In Fig. 3, text fragment comprises keyword C4 (reasoning), C5 (cause and effect), C15 (relation), C17 (notion), C33 (figure), and theme node C ₁ ⁰(Fuzzy Cognitive figure);

In Fig. 4, text fragment comprises keyword C1 (Fuzzy Cognitive figure), C4 (reasoning), C5 (cause and effect), C6 (keyword), C7 (template), C16 (making up automatically), and theme node C ₈ ⁰(the automatic structure of Fuzzy Cognitive figure);

(5) find out keyword C common between the text fragment that will link _k, according to the weight w of common keyword _KiAnd w _Kj, obtain w through counter-rotating _Jk, calculate the weight T between the theme node again _Ji, when Fig. 7 was the weight of calculating between the text subject, common keyword was to the Umklapp process of the direction of the weight of theme node, and Fig. 5 is the graph visualization of the text discourse semantics behind three text subject semantemes of link;

Theme node C here _j ⁰And C _i ⁰Between the weight formula

T_{ji} = \tanh (2 * Σ_{k = 1}^{N_{1}} β_{k} V_{C_{k}} w_{jk} w_{ki})

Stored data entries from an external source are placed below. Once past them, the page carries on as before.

lemma sum_binomial_Pascal:
  fixes a :: "nat \<Rightarrow> nat \<Rightarrow> 'a::comm_semiring_1"
  shows "(\<Sum>i\<le>n. of_nat (n choose i) * (a (Suc i) (n - i) + a i (Suc (n - i))))
         = (\<Sum>i\<le>Suc n. of_nat (Suc n choose i) * a i (Suc n - i))"
proof -
  have "(\<Sum>i\<le>Suc n. of_nat (n choose i) * a i (Suc n - i))
        = (\<Sum>i\<le>n. of_nat (n choose i) * a i (Suc (n - i)))"
    by (auto simp: Suc_diff_le binomial_eq_0 intro!: sum.cong)
  moreover have "(\<Sum>i\<le>Suc n. of_nat (Suc n choose i) * a i (Suc n - i))
        = (\<Sum>i\<le>Suc n. of_nat (n choose i) * a i (Suc n - i))
          + (\<Sum>i\<le>n. of_nat (n choose i) * a (Suc i) (n - i))"
    by (simp add: sum.atMost_Suc_shift sum.distrib algebra_simps del: sum.atMost_Suc)
  ultimately show ?thesis
    by (simp add: sum.distrib algebra_simps)
qed

lemma higher_deriv_mult_real:
  assumes "differentiable_upto n p" "differentiable_upto n q"
  shows "(deriv ^^ n) (\<lambda>x. p x * q x)
         = (\<lambda>x. \<Sum>i\<le>n. of_nat (n choose i) * ((deriv ^^ i) p x * (deriv ^^ (n - i)) q x))"
  using assms
proof (induction n)
  case (Suc n)
  have deriv_p: "((deriv ^^ i) p has_real_derivative (deriv ^^ Suc i) p x) (at x)" if "i \<le> n" for i x
    using Suc.prems(1) that by (simp add: differentiable_upto_def)
  have deriv_q: "((deriv ^^ i) q has_real_derivative (deriv ^^ Suc i) q x) (at x)" if "i \<le> n" for i x
    using Suc.prems(2) that by (simp add: differentiable_upto_def)
  have sum_deriv: "((\<lambda>x. \<Sum>i\<le>n. of_nat (n choose i) * ((deriv ^^ i) p x * (deriv ^^ (n - i)) q x))
         has_real_derivative
         (\<Sum>i\<le>n. of_nat (n choose i) * ((deriv ^^ Suc i) p x * (deriv ^^ (n - i)) q x
                                           + (deriv ^^ i) p x * (deriv ^^ Suc (n - i)) q x))) (at x)"
    for x
    by (intro DERIV_sum DERIV_cmult) (auto intro!: derivative_eq_intros deriv_p deriv_q)
  have IH: "(deriv ^^ n) (\<lambda>x. p x * q x)
         = (\<lambda>x. \<Sum>i\<le>n. of_nat (n choose i) * ((deriv ^^ i) p x * (deriv ^^ (n - i)) q x))"
    using Suc differentiable_upto_mono[of "Suc n" _ n] by simp
  show ?case
  proof (rule ext)
    fix x
    have "(deriv ^^ Suc n) (\<lambda>x. p x * q x) x = deriv ((deriv ^^ n) (\<lambda>x. p x * q x)) x"
      by simp
    also have "\<dots> = (\<Sum>i\<le>n. of_nat (n choose i) * ((deriv ^^ Suc i) p x * (deriv ^^ (n - i)) q x
                                           + (deriv ^^ i) p x * (deriv ^^ Suc (n - i)) q x))"
      unfolding IH by (rule DERIV_imp_deriv[OF sum_deriv])
    also have "\<dots> = (\<Sum>i\<le>Suc n. of_nat (Suc n choose i) *
                          ((deriv ^^ i) p x * (deriv ^^ (Suc n - i)) q x))"
      by (rule sum_binomial_Pascal[of n "\<lambda>i l. (deriv ^^ i) p x * (deriv ^^ l) q x"])
    finally show "(deriv ^^ Suc n) (\<lambda>x. p x * q x) x = \<dots>" .
  qed
qed simp

lemma falling_Suc: "falling x (Suc n) = falling x n * (x - real n)"
  by (simp add: falling_def)

lemma falling_of_nat_eq_0: "n < i \<Longrightarrow> falling (real n) i = 0"
  unfolding falling_def by (intro prod_zero) (auto intro!: bexI[of _ n])

lemma falling_of_nat_self: "falling (real n) n = fact n"
  unfolding falling_def fact_prod_rev by (auto simp: of_nat_diff lessThan_atLeast0 intro!: prod.cong)

lemma higher_deriv_power_real:
  "(deriv ^^ i) (\<lambda>v::real. v ^ n) = (\<lambda>v. falling (real n) i * v ^ (n - i))"
proof (induction i)
  case (Suc i)
  have "falling (real n) i * real (n - i) = falling (real n) (Suc i)"
    by (cases "i < n") (auto simp: falling_Suc of_nat_diff falling_of_nat_eq_0)
  moreover have "((\<lambda>v. falling (real n) i * v ^ (n - i)) has_real_derivative
              falling (real n) i * (real (n - i) * v ^ (n - i - Suc 0))) (at v)" for v
    by (intro DERIV_cmult DERIV_pow)
  ultimately have "((\<lambda>v. falling (real n) i * v ^ (n - i)) has_real_derivative
              falling (real n) (Suc i) * v ^ (n - Suc i)) (at v)" for v
    by (simp add: mult.assoc [symmetric])
  with Suc show ?case
    by (auto intro!: ext DERIV_imp_deriv)
qed (simp add: falling_def)

lemma higher_deriv_power_mult_at_0:
  assumes "differentiable_upto n h"
  shows "(deriv ^^ n) (\<lambda>x. x ^ p * h x) 0
         = (if p \<le> n then real (n choose p) * fact p * (deriv ^^ (n - p)) h 0 else 0)"
proof -
  have "real (n choose i) * (falling (real p) i * 0 ^ (p - i) * (deriv ^^ (n - i)) h 0)
        = (if i = p then real (n choose p) * fact p * (deriv ^^ (n - p)) h 0 else 0)" for i
    by (cases i p rule: linorder_cases) (simp_all add: falling_of_nat_eq_0 falling_of_nat_self)
  then show ?thesis
    by (simp add: higher_deriv_mult_real[OF differentiable_upto_power assms] higher_deriv_power_real)
qed

lemma funpow_diffs: "(diffs ^^ k) c n = fact (n + k) / fact n * (c (n + k) :: real)"
proof (induction k arbitrary: n)
  case (Suc k)
  have "(diffs ^^ Suc k) c n = real (Suc n) * (diffs ^^ k) c (Suc n)"
    by (simp add: diffs_def)
  also have "\<dots> = real (Suc n) * (fact (Suc n + k) / fact (Suc n) * c (Suc n + k))"
    by (simp only: Suc)
  also have "\<dots> = fact (n + Suc k) / fact n * c (n + Suc k)"
    by (simp add: fact_Suc[of n] del: fact_Suc)
  finally show ?case .
qed simp

lemma higher_deriv_powser_real:
  fixes c :: "nat \<Rightarrow> real"
  assumes "\<And>y. summable (\<lambda>n. c n * y ^ n)"
  shows "(deriv ^^ k) (\<lambda>x. \<Sum>n. c n * x ^ n) = (\<lambda>x. \<Sum>n. (diffs ^^ k) c n * x ^ n)"
  using assms
proof (induction k arbitrary: c)
  case (Suc k)
  have "deriv (\<lambda>x. \<Sum>n. c n * x ^ n) = (\<lambda>x. \<Sum>n. diffs c n * x ^ n)"
    using Suc.prems by (intro ext DERIV_imp_deriv termdiffs_strong_converges_everywhere)
  with Suc show ?case
    by (simp add: funpow_Suc_right termdiff_converges_all del: funpow.simps)
qed simp

lemma higher_deriv_powser_real_at_0:
  fixes c :: "nat \<Rightarrow> real"
  assumes "\<And>y. summable (\<lambda>n. c n * y ^ n)"
  shows "(deriv ^^ k) (\<lambda>x. \<Sum>n. c n * x ^ n) 0 = fact k * c k"
proof -
  have "(deriv ^^ k) (\<lambda>x. \<Sum>n. c n * x ^ n) 0 = (diffs ^^ k) c 0"
    by (simp only: higher_deriv_powser_real[OF assms] powser_zero)
  then show ?thesis
    by (simp add: funpow_diffs)
qed

definition F1_coeff :: "nat \<Rightarrow> real" where
  "F1_coeff n = (-1) ^ n / fact (Suc n)"

lemma F1_sums: "(\<lambda>n. F1_coeff n * y ^ n) sums F1 y"
proof (cases "y = 0")
  case True
  then show ?thesis
    using powser_sums_zero[of F1_coeff] by (simp add: F1_def F1_coeff_def)
next
  case False
  have "(\<lambda>n. (-y) ^ Suc n /\<^sub>R fact (Suc n)) sums (exp (-y) - 1)"
    using exp_converges[of "-y"] by (subst sums_Suc_iff) simp
  then have "(\<lambda>n. (-y) ^ Suc n /\<^sub>R fact (Suc n) / (-y)) sums ((exp (-y) - 1) / (-y))"
    by (rule sums_divide)
  moreover have "(-y) ^ Suc n /\<^sub>R fact (Suc n) / (-y) = F1_coeff n * y ^ n" for n
    using False by (simp add: F1_coeff_def power_minus[of y n] divide_inverse mult_ac del: fact_Suc)
  moreover have "(exp (-y) - 1) / (-y) = F1 y"
    using False by (simp add: F1_def minus_divide_left)
  ultimately show ?thesis
    by simp
qed

lemma summable_F1_coeff: "summable (\<lambda>n. F1_coeff n * y ^ n)"
  using F1_sums by (rule sums_summable)

lemma F1_eq_powser: "F1 = (\<lambda>x. \<Sum>n. F1_coeff n * x ^ n)"
  using F1_sums by (auto intro!: ext sums_unique)

lemma differentiable_upto_F1: "differentiable_upto n F1"
  unfolding F1_eq_powser by (rule differentiable_upto_powser[OF summable_F1_coeff])

lemma higher_deriv_F1_at_0: "(deriv ^^ k) F1 0 = (-1) ^ k / real (Suc k)"
  unfolding F1_eq_powser higher_deriv_powser_real_at_0[OF summable_F1_coeff]
  by (simp add: F1_coeff_def fact_Suc del: of_nat_Suc)

lemma F1_nonzero: "F1 v \<noteq> 0"
  by (auto simp: F1_def)

lemma G_eq_power_mult_inverse_F1: "j \<ge> 1 \<Longrightarrow> G j = (\<lambda>v. v ^ (j - 1) * inverse (F1 v))"
proof
  fix v :: real
  assume "j \<ge> 1"
  then have "v ^ j = v ^ (j - 1) * v"
    by (simp add: power_Suc2 [symmetric])
  with \<open>j \<ge> 1\<close> show "G j v = v ^ (j - 1) * inverse (F1 v)"
    by (auto simp: G_def F1_def)
qed

lemma G_eq_power_mult_G_1: "j \<ge> 1 \<Longrightarrow> G j = (\<lambda>v. v ^ (j - 1) * G 1 v)"
  by (simp add: G_eq_power_mult_inverse_F1)

lemma differentiable_upto_G: "j \<ge> 1 \<Longrightarrow> differentiable_upto n (G j)"
  unfolding G_eq_power_mult_inverse_F1
  by (intro differentiable_upto_mult differentiable_upto_power differentiable_upto_inverse
        differentiable_upto_F1 F1_nonzero)

lemma G_mult_F1: "j \<ge> 1 \<Longrightarrow> G j v * F1 v = v ^ (j - 1)"
  by (simp add: G_eq_power_mult_inverse_F1 F1_nonzero)

lemma leibniz_G_mult_F1:
  assumes "j \<ge> 1"
  shows "(\<Sum>i\<le>k. of_nat (k choose i) * ((deriv ^^ i) (G j) v * (deriv ^^ (k - i)) F1 v))
         = falling (real (j - 1)) k * v ^ (j - 1 - k)"
proof -
  have "(\<lambda>v. G j v * F1 v) = (\<lambda>v. v ^ (j - 1))"
    using G_mult_F1[OF assms] by simp
  then have "(deriv ^^ k) (\<lambda>v. G j v * F1 v) v = (deriv ^^ k) (\<lambda>v. v ^ (j - 1)) v"
    by simp
  then show ?thesis
    by (simp only: higher_deriv_mult_real[OF differentiable_upto_G[OF assms] differentiable_upto_F1]
        higher_deriv_power_real)
qed

definition leibniz_mat :: "(real \<Rightarrow> real) \<Rightarrow> nat \<Rightarrow> real \<Rightarrow> real mat" where
  "leibniz_mat h k v = mat (Suc k) (Suc k)
     (\<lambda>(i, l). if l \<le> i then real (i choose l) * (deriv ^^ (i - l)) h v else 0)"

lemma leibniz_mat_carrier: "leibniz_mat h k v \<in> carrier_mat (Suc k) (Suc k)"
  by (simp add: leibniz_mat_def)

lemma det_leibniz_mat: "det (leibniz_mat h k v) = h v ^ Suc k"
proof -
  have "diag_mat (leibniz_mat h k v) = replicate (Suc k) (h v)"
    by (rule nth_equalityI) (auto simp: diag_mat_def leibniz_mat_def simp del: upt_Suc replicate_Suc)
  then show ?thesis
    by (subst det_lower_triangular[OF _ leibniz_mat_carrier])
       (auto simp: leibniz_mat_def prod_list_replicate)
qed

lemma leibniz_mat_mult_higher_derivs:
  assumes "differentiable_upto k g" "differentiable_upto k h"
  shows "leibniz_mat h k v *\<^sub>v vec (Suc k) (\<lambda>i. (deriv ^^ i) g v)
         = vec (Suc k) (\<lambda>i. (deriv ^^ i) (\<lambda>x. g x * h x) v)"
proof (rule eq_vecI)
  fix i
  assume "i < dim_vec (vec (Suc k) (\<lambda>i. (deriv ^^ i) (\<lambda>x. g x * h x) v))"
  then have i: "i \<le> k"
    by simp
  have "(leibniz_mat h k v *\<^sub>v vec (Suc k) (\<lambda>i. (deriv ^^ i) g v)) $ i
        = (\<Sum>l<Suc k. if l \<le> i then real (i choose l) * ((deriv ^^ l) g v * (deriv ^^ (i - l)) h v) else 0)"
    using i by (auto simp: leibniz_mat_def mult_mat_vec_def scalar_prod_def lessThan_atLeast0
        intro!: sum.cong)
  also have "\<dots> = (\<Sum>l\<in>{..<Suc k} \<inter> {..i}.
                      real (i choose l) * ((deriv ^^ l) g v * (deriv ^^ (i - l)) h v))"
    by (simp add: sum.inter_restrict)
  also have "\<dots> = (deriv ^^ i) (\<lambda>x. g x * h x) v"
  proof -
    have "{..<Suc k} \<inter> {..i} = {..i}"
      using i by auto
    then show ?thesis
      using assms i by (simp add: higher_deriv_mult_real differentiable_upto_mono)
  qed
  finally show "(leibniz_mat h k v *\<^sub>v vec (Suc k) (\<lambda>i. (deriv ^^ i) g v)) $ i
                = vec (Suc k) (\<lambda>i. (deriv ^^ i) (\<lambda>x. g x * h x) v) $ i"
    using i by simp
qed (simp add: leibniz_mat_def)

lemma det_swap_col_to_front_replace_col_last:
  fixes A :: "'a :: comm_ring_1 mat"
  assumes "A \<in> carrier_mat (Suc k) (Suc k)" "x \<in> carrier_vec (Suc k)"
  shows "det (swap_col_to_front (replace_col A (A *\<^sub>v x) k) k) = (-1) ^ k * (x $ k * det A)"
proof -
  have "replace_col A (A *\<^sub>v x) k \<in> carrier_mat (Suc k) (Suc k)"
    using assms(1) by (simp add: replace_col_def)
  then have "det (swap_col_to_front (replace_col A (A *\<^sub>v x) k) k)
             = (-1) ^ k * det (replace_col A (A *\<^sub>v x) k)"
    by (rule swap_col_to_front_det) simp
  also have "det (replace_col A (A *\<^sub>v x) k) = x $ k * det A"
    by (rule cramer_lemma_mat[OF assms]) simp
  finally show ?thesis .
qed

lemma swap_col_to_front_eq_M:
  assumes "j \<ge> 1"
  shows "swap_col_to_front
           (replace_col (leibniz_mat F1 k v) (vec (Suc k) (\<lambda>i. (deriv ^^ i) (\<lambda>x. x ^ (j - 1)) v)) k) k
         = M j k v"
    (is "swap_col_to_front ?R k = _")
proof -
  have R: "?R \<in> carrier_mat (Suc k) (Suc k)"
    by (simp add: leibniz_mat_def replace_col_def)
  have real_j: "real j - 1 = real (j - 1)"
    using assms by (simp add: of_nat_diff)
  have falling_0: "falling (real (j - 1)) i = 0" if "\<not> i < j" for i
    using assms that by (intro falling_of_nat_eq_0) simp
  show ?thesis
    unfolding swap_col_to_front_result[OF R lessI]
  proof (rule eq_matI)
    fix i l
    assume "i < dim_row (M j k v)" "l < dim_col (M j k v)"
    then have i: "i \<le> k" and l: "l \<le> k"
      by (simp_all add: M_def)
    show "mat (Suc k) (Suc k) (\<lambda>(i, l). if l = 0 then ?R $$ (i, k)
            else if l \<le> k then ?R $$ (i, l - 1) else ?R $$ (i, l)) $$ (i, l) = M j k v $$ (i, l)"
    proof (cases "l = 0")
      case True
      have "?R $$ (i, k) = falling (real (j - 1)) i * v ^ (j - 1 - i)"
        using i by (simp add: replace_col_def leibniz_mat_def higher_deriv_power_real)
      moreover have "M j k v $$ (i, l) = (if i < j then falling (real j - 1) i * v ^ (j - 1 - i) else 0)"
        using i True by (simp add: M_def)
      ultimately show ?thesis
        using True i falling_0[of i] unfolding real_j by simp
    next
      case False
      then have "l - 1 < k"
        using l by linarith
      then have "?R $$ (i, l - 1)
                 = (if l - 1 \<le> i then real (i choose (l - 1)) * (deriv ^^ (i - (l - 1))) F1 v else 0)"
        using i by (simp add: replace_col_def leibniz_mat_def)
      moreover have "M j k v $$ (i, l)
                 = (if l - 1 \<le> i then real (i choose (l - 1)) * (deriv ^^ (i + 1 - l)) F1 v else 0)"
        using i l False by (simp add: M_def)
      moreover have "i - (l - 1) = i + 1 - l"
        using False by simp
      ultimately show ?thesis
        using i l False by simp
    qed
  qed (simp_all add: M_def)
qed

Calculate, between the theme node N is arranged ₁Individual common keyword, β _kRepresent k keyword C _kThe counter-rotating coefficient, span [0,1] also can be obtained V by Bayesian formula _CkExpression keyword C _kState value, w _JkKeyword C after the expression counter-rotating _kTo theme node C _j ⁰Weight, w _KiExpression keyword C _kTo theme node C _i ⁰Weight;

(6) each text subject semanteme of secateurs exclusive keyword, Fig. 6 be to three text subject semantemes exclusive keyword carry out the visualized graphs of the text discourse semantics behind the secateurs.

Claims

1. the visable representation of a text semantic and acquisition methods is characterized in that text semantic is divided into three levels: the text subject that the text low layer semanteme that the set of discrete keyword constitutes, text fragment constitute is semantic and constitute the high-level semantic of text chapter by interlinking between the text subject as the middle level of text; By extracting keyword and generating the semantic matrix of text subject based on the matrix operation of keyword weight, the link by text subject forms the text discourse semantics again.

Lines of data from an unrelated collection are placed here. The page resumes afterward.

lemma eq_add_const_of_same_differences:
  fixes s t :: "int \<Rightarrow> real"
  assumes "\<And>i. s (i - 1) - s i = t (i - 1) - t i"
  shows "s i = t i + (s 0 - t 0)"
proof (induction i rule: int_induct[where k=0])
  case (step1 i)
  then show ?case using assms[of "i + 1"] by simp
next
  case (step2 i)
  then show ?case using assms[of i] by simp
qed simp

section \<open>Discrete cell corrector\<close>

lemma sum_mult_diff_by_parts:
  fixes t F :: "nat \<Rightarrow> real"
  shows "(\<Sum>k<n. t k * (F (Suc k) - F k))
       = t n * F n - t 0 * F 0 - (\<Sum>k<n. (t (Suc k) - t k) * F (Suc k))"
  by (induction n) (simp_all add: algebra_simps)

lemma abs_sum_mult_diff_le:
  fixes t F :: "nat \<Rightarrow> real"
  assumes F: "\<And>k. \<bar>F k\<bar> \<le> B"
    and t: "\<And>k. k \<le> n \<Longrightarrow> \<bar>t k\<bar> \<le> T"
    and var: "(\<Sum>k<n. \<bar>t (Suc k) - t k\<bar>) \<le> V"
  shows "\<bar>\<Sum>k<n. t k * (F (Suc k) - F k)\<bar> \<le> B * (2 * T + V)"
proof -
  have B: "0 \<le> B" using F[of 0] by simp
  have ends: "\<bar>t k * F k\<bar> \<le> T * B" if "k \<le> n" for k
    unfolding abs_mult using t[OF that] F[of k] B by (intro mult_mono) auto
  have "\<bar>\<Sum>k<n. (t (Suc k) - t k) * F (Suc k)\<bar> \<le> (\<Sum>k<n. \<bar>t (Suc k) - t k\<bar> * B)"
    by (rule order.trans[OF sum_abs], rule sum_mono) (simp add: abs_mult F mult_left_mono)
  also have "\<dots> \<le> V * B" using mult_right_mono[OF var B] by (simp add: sum_distrib_right)
  finally have "\<bar>\<Sum>k<n. (t (Suc k) - t k) * F (Suc k)\<bar> \<le> V * B" .
  then show ?thesis
    unfolding sum_mult_diff_by_parts using ends[of n] ends[of 0] by (simp add: algebra_simps)
qed

lemma periodic_eq_mod:
  fixes P :: "nat \<Rightarrow> real"
  assumes "\<And>j. P (j + p) = P j"
  shows "P j = P (j mod p)"
proof -
  have "P (r + q * p) = P r" for r q
  proof (induction q)
    case (Suc q)
    then show ?case using assms[of "r + q * p"] by (simp add: ac_simps)
  qed simp
  from this[of "j mod p" "j div p"] show ?thesis by simp
qed

text \<open>A bounded discrete primitive of the oscillating part of a \<open>p\<close>-periodic sequence.\<close>

definition cell_corrector :: "nat \<Rightarrow> (nat \<Rightarrow> real) \<Rightarrow> nat \<Rightarrow> real" where
  "cell_corrector p P j = (\<Sum>l<j mod p. (\<Sum>m<p. P m) / p - P l)"

lemma cell_corrector_Suc:
  assumes p: "0 < p" and per: "\<And>j. P (j + p) = P j"
  shows "cell_corrector p P (Suc j) - cell_corrector p P j = (\<Sum>m<p. P m) / p - P j"
proof (cases "Suc (j mod p) < p")
  case True
  then have "Suc j mod p = Suc (j mod p)" by (simp add: mod_Suc)
  then show ?thesis using periodic_eq_mod[of P p j, OF per] by (simp add: cell_corrector_def)
next
  case False
  with p have jp: "j mod p = p - 1" "Suc j mod p = 0"
    using mod_less_divisor[OF p, of j] by (simp_all add: mod_Suc)
  have "(\<Sum>l<p. (\<Sum>m<p. P m) / p - P l) = 0" using p by (simp add: sum_subtractf)
  moreover have "{..<p} = insert (p - 1) {..<p - 1}" using p by auto
  ultimately have "(\<Sum>l<p - 1. (\<Sum>m<p. P m) / p - P l) = - ((\<Sum>m<p. P m) / p - P (p - 1))"
    by simp
  moreover have "P j = P (p - 1)" using periodic_eq_mod[of P p j, OF per] jp by simp
  ultimately show ?thesis using jp by (simp add: cell_corrector_def)
qed

lemma cell_corrector_diff:
  "cell_corrector p P j - cell_corrector p Q j = cell_corrector p (\<lambda>l. P l - Q l) j"
  unfolding cell_corrector_def sum_subtractf[symmetric]
  by (intro sum.cong refl) (simp add: sum_subtractf diff_divide_distrib)

lemma abs_cell_corrector_le:
  assumes p: "0 < p" and R: "\<And>l. \<bar>P l\<bar> \<le> R"
  shows "\<bar>cell_corrector p P j\<bar> \<le> 2 * real p * R"
proof -
  have mean: "\<bar>(\<Sum>m<p. P m) / p\<bar> \<le> R"
  proof -
    have "\<bar>\<Sum>m<p. P m\<bar> \<le> p * R"
      using order.trans[OF sum_abs sum_mono[of "{..<p}" "\<lambda>m. \<bar>P m\<bar>" "\<lambda>_. R"]] R by simp
    then show ?thesis using p by (simp add: divide_le_eq mult.commute)
  qed
  have "\<bar>cell_corrector p P j\<bar> \<le> (\<Sum>l<j mod p. \<bar>(\<Sum>m<p. P m) / p - P l\<bar>)"
    unfolding cell_corrector_def by (rule sum_abs)
  also have "\<dots> \<le> (\<Sum>l<j mod p. 2 * R)"
    using mean R by (intro sum_mono) (smt (verit) abs_triangle_ineq4)
  also have "\<dots> \<le> p * (2 * R)"
    using R[of 0] mod_less_divisor[OF p, of j] by (simp add: mult_right_mono)
  finally show ?thesis by simp
qed

text \<open>Discrete two-scale averaging: along the diagonal, a sequence that is \<open>p\<close>-periodic in the
  fast variable and slowly varying in the slow one may be replaced by its cell average.\<close>

lemma abs_sum_oscillation_le:
  fixes P :: "nat \<Rightarrow> nat \<Rightarrow> real" and t :: "nat \<Rightarrow> real"
  assumes p: "0 < p"
    and per: "\<And>s j. P s (j + p) = P s j"
    and R: "\<And>s j. \<bar>P s j\<bar> \<le> R"
    and lip: "\<And>s j. \<bar>P (Suc s) j - P s j\<bar> \<le> \<delta>"
    and t: "\<And>k. k \<le> n \<Longrightarrow> \<bar>t k\<bar> \<le> T"
    and var: "(\<Sum>k<n. \<bar>t (Suc k) - t k\<bar>) \<le> V"
  shows "\<bar>\<Sum>k<n. t k * ((\<Sum>j<p. P k j) / p - P k k)\<bar> \<le> 2 * real p * R * (2 * T + V) + 2 * real n * real p * \<delta> * T"
proof -
  define \<Phi> where "\<Phi> k = cell_corrector p (P k) k" for k
  define e where "e k = cell_corrector p (P k) (Suc k) - cell_corrector p (P (Suc k)) (Suc k)" for k
  have split: "(\<Sum>j<p. P k j) / p - P k k = (\<Phi> (Suc k) - \<Phi> k) + e k" for k
    using cell_corrector_Suc[of p "P k", OF p per] by (simp add: \<Phi>_def e_def)
  have e: "\<bar>e k\<bar> \<le> 2 * real p * \<delta>" for k
    unfolding e_def cell_corrector_diff
    using abs_cell_corrector_le[OF p, of "\<lambda>l. P k l - P (Suc k) l"] lip by (simp add: abs_minus_commute)
  have T: "0 \<le> T" using t[of 0] by simp
  have err: "\<bar>\<Sum>k<n. t k * e k\<bar> \<le> (\<Sum>k<n. T * (2 * real p * \<delta>))"
  proof (rule order.trans[OF sum_abs], rule sum_mono)
    fix k assume "k \<in> {..<n}"
    then show "\<bar>t k * e k\<bar> \<le> T * (2 * real p * \<delta>)"
      unfolding abs_mult using t[of k] e[of k] T by (intro mult_mono) auto
  qed
  have main: "\<bar>\<Sum>k<n. t k * (\<Phi> (Suc k) - \<Phi> k)\<bar> \<le> 2 * real p * R * (2 * T + V)"
    using abs_cell_corrector_le[OF p R] by (intro abs_sum_mult_diff_le t var) (simp add: \<Phi>_def)
  have "\<bar>\<Sum>k<n. t k * ((\<Sum>j<p. P k j) / p - P k k)\<bar>
      = \<bar>(\<Sum>k<n. t k * (\<Phi> (Suc k) - \<Phi> k)) + (\<Sum>k<n. t k * e k)\<bar>"
    by (simp add: split distrib_left sum.distrib)
  also have "\<dots> \<le> 2 * real p * R * (2 * T + V) + (\<Sum>k<n. T * (2 * real p * \<delta>))"
    by (rule order.trans[OF abs_triangle_ineq add_mono[OF main err]])
  finally show ?thesis by (simp add: algebra_simps)
qed

lemma flux_variation_le_avg_abs:
  assumes N: "0 < N" and Ne: "real N * eps = 1" and f: "per_X N f"
    and flux: "\<And>i. t (i - 1) - t i = eps * f i" and n: "n \<le> N"
  shows "(\<Sum>k<n. \<bar>t (int (Suc k)) - t (int k)\<bar>) \<le> avg_X N (\<lambda>i. \<bar>f i\<bar>)"
proof -
  have eps: "0 < eps" using Ne N zero_less_mult_pos[of "real N" eps] by simp
  have step: "\<bar>t (int (Suc k)) - t (int k)\<bar> = eps * \<bar>f (int k + 1)\<bar>" for k
    using flux[of "int k + 1"] eps by (simp add: abs_mult abs_minus_commute add.commute)
  have "(\<Sum>k<n. \<bar>t (int (Suc k)) - t (int k)\<bar>) = eps * (\<Sum>k<n. \<bar>f (int k + 1)\<bar>)"
    unfolding step sum_distrib_left ..
  also have "\<dots> \<le> eps * (\<Sum>k<N. \<bar>f (int k + 1)\<bar>)"
    using n eps by (intro mult_left_mono sum_mono2) auto
  also have "\<dots> = avg_X N (\<lambda>i. \<bar>f i\<bar>)"
    using Ne N unfolding avg_X_def sum_per_X_eq_sum_lessThan[OF per_X_comp[OF f]]
      sum_per_X_shift[OF per_X_comp[OF f]]
    by (simp add: eq_divide_eq mult.commute)
  finally show ?thesis .
qed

2. the visable representation of text semantic according to claim 1 and acquisition methods is characterized in that operation steps is as follows:

(1) text semantic is divided into three levels: the text subject that the text low layer semanteme that the set of discrete keyword constitutes, text fragment constitute is semantic and constitute the high-level semantic of text chapter by interlinking between the text subject as the middle level of text;

(2) calculate the state value of the keyword in the text fragment and the weight between the keyword;

(3) with the state value of the weight between the keyword, keyword with based on the inference rule of matrix multiple computing, calculate the weight of each keyword, generate the semantic matrix of text subject text subject;

(5) find out keyword common in the text subject that will link, to the weight of text subject separately, calculate the weight between each text subject according to the keyword of common appearance, linking each text subject is the text chapter, and with digraph visualText chapter;

(6) in each text subject of secateurs exclusive keyword.